▶ **EXERCISE DIRECTIONS**: Beginning at the line that includes "therefore suffices to", return each line exactly through the end of the listing, and no line before it.

--- START ---

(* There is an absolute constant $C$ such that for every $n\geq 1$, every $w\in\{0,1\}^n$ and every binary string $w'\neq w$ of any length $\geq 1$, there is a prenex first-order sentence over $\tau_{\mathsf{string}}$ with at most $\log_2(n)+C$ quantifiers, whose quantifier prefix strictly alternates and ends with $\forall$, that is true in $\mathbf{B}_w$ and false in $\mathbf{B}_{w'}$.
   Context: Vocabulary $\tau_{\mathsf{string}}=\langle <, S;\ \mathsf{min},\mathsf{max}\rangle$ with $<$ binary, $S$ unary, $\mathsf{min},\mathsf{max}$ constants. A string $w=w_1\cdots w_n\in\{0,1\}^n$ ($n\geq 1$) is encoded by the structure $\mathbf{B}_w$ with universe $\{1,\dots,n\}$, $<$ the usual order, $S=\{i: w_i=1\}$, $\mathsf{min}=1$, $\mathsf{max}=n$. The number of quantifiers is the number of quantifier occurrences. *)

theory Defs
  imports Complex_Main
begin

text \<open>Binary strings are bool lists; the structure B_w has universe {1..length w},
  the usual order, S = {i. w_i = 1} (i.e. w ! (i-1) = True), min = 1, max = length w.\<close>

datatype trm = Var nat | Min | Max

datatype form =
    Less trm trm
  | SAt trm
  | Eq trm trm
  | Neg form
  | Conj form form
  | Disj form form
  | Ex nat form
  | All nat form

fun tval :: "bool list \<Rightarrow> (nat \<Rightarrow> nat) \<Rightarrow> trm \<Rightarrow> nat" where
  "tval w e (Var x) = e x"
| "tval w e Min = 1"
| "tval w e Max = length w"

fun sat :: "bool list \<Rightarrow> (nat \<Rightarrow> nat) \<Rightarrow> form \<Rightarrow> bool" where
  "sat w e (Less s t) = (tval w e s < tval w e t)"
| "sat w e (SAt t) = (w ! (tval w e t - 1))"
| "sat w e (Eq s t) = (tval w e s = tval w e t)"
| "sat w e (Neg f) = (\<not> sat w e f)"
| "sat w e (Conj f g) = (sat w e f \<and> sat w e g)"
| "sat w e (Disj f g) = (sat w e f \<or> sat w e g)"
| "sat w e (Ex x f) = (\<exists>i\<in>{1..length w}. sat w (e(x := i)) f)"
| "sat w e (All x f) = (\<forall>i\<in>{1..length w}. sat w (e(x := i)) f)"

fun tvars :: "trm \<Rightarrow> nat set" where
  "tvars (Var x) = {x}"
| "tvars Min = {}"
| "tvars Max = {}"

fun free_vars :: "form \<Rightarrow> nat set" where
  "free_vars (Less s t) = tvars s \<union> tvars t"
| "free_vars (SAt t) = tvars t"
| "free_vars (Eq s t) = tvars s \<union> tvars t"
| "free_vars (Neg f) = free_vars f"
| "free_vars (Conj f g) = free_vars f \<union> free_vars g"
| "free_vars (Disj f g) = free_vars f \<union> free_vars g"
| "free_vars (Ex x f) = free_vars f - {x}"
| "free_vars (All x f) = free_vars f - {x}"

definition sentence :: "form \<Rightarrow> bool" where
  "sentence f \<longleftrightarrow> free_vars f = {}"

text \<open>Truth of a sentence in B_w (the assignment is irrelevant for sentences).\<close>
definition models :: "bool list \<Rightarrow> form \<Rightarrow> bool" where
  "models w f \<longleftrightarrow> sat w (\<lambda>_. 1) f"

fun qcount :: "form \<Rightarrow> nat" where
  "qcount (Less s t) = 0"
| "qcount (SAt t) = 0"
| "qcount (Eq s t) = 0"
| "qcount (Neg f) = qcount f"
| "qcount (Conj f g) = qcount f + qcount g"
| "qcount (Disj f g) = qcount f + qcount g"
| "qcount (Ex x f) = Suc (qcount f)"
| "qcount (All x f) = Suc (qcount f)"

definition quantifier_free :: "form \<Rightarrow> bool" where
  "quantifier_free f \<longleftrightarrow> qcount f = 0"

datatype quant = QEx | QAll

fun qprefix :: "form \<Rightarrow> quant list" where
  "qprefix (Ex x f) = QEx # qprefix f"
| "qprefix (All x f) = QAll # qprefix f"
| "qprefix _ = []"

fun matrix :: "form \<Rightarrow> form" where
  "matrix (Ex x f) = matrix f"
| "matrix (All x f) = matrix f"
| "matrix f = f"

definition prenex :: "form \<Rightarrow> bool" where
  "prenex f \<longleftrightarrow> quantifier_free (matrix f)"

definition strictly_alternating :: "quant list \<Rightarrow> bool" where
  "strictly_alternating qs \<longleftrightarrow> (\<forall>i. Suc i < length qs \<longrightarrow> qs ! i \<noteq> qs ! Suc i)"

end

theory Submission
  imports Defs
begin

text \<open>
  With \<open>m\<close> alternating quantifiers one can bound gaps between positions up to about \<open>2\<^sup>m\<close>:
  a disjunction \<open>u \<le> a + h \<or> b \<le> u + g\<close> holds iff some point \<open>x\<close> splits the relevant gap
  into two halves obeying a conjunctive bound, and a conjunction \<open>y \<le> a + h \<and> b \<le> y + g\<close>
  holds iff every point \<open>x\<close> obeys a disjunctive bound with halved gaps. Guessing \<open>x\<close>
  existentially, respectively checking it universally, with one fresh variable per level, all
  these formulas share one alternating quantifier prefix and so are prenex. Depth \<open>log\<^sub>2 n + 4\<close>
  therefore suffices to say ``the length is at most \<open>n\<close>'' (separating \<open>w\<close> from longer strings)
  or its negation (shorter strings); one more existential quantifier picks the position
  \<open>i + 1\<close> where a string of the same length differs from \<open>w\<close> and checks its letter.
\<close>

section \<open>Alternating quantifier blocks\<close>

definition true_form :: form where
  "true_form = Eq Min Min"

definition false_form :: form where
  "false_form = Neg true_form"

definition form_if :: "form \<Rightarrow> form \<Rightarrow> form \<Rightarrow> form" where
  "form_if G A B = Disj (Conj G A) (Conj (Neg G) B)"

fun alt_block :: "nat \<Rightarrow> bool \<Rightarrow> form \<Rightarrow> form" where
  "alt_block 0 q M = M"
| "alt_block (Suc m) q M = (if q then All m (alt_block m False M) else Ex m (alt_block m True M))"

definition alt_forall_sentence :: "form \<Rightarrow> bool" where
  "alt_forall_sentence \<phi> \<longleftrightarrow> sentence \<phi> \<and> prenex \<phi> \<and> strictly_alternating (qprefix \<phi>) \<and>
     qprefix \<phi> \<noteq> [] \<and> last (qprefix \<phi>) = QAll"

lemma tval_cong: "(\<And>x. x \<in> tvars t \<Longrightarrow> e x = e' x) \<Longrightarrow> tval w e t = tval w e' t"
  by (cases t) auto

--- END ---

▶ **EXERCISE ANSWER**:
  therefore suffices to say ``the length is at most \<open>n\<close>'' (separating \<open>w\<close> from longer strings)
  or its negation (shorter strings); one more existential quantifier picks the position
  \<open>i + 1\<close> where a string of the same length differs from \<open>w\<close> and checks its letter.
\<close>

section \<open>Alternating quantifier blocks\<close>

definition true_form :: form where
  "true_form = Eq Min Min"

definition false_form :: form where
  "false_form = Neg true_form"

definition form_if :: "form \<Rightarrow> form \<Rightarrow> form \<Rightarrow> form" where
  "form_if G A B = Disj (Conj G A) (Conj (Neg G) B)"

fun alt_block :: "nat \<Rightarrow> bool \<Rightarrow> form \<Rightarrow> form" where
  "alt_block 0 q M = M"
| "alt_block (Suc m) q M = (if q then All m (alt_block m False M) else Ex m (alt_block m True M))"

definition alt_forall_sentence :: "form \<Rightarrow> bool" where
  "alt_forall_sentence \<phi> \<longleftrightarrow> sentence \<phi> \<and> prenex \<phi> \<and> strictly_alternating (qprefix \<phi>) \<and>
     qprefix \<phi> \<noteq> [] \<and> last (qprefix \<phi>) = QAll"

lemma tval_cong: "(\<And>x. x \<in> tvars t \<Longrightarrow> e x = e' x) \<Longrightarrow> tval w e t = tval w e' t"
  by (cases t) auto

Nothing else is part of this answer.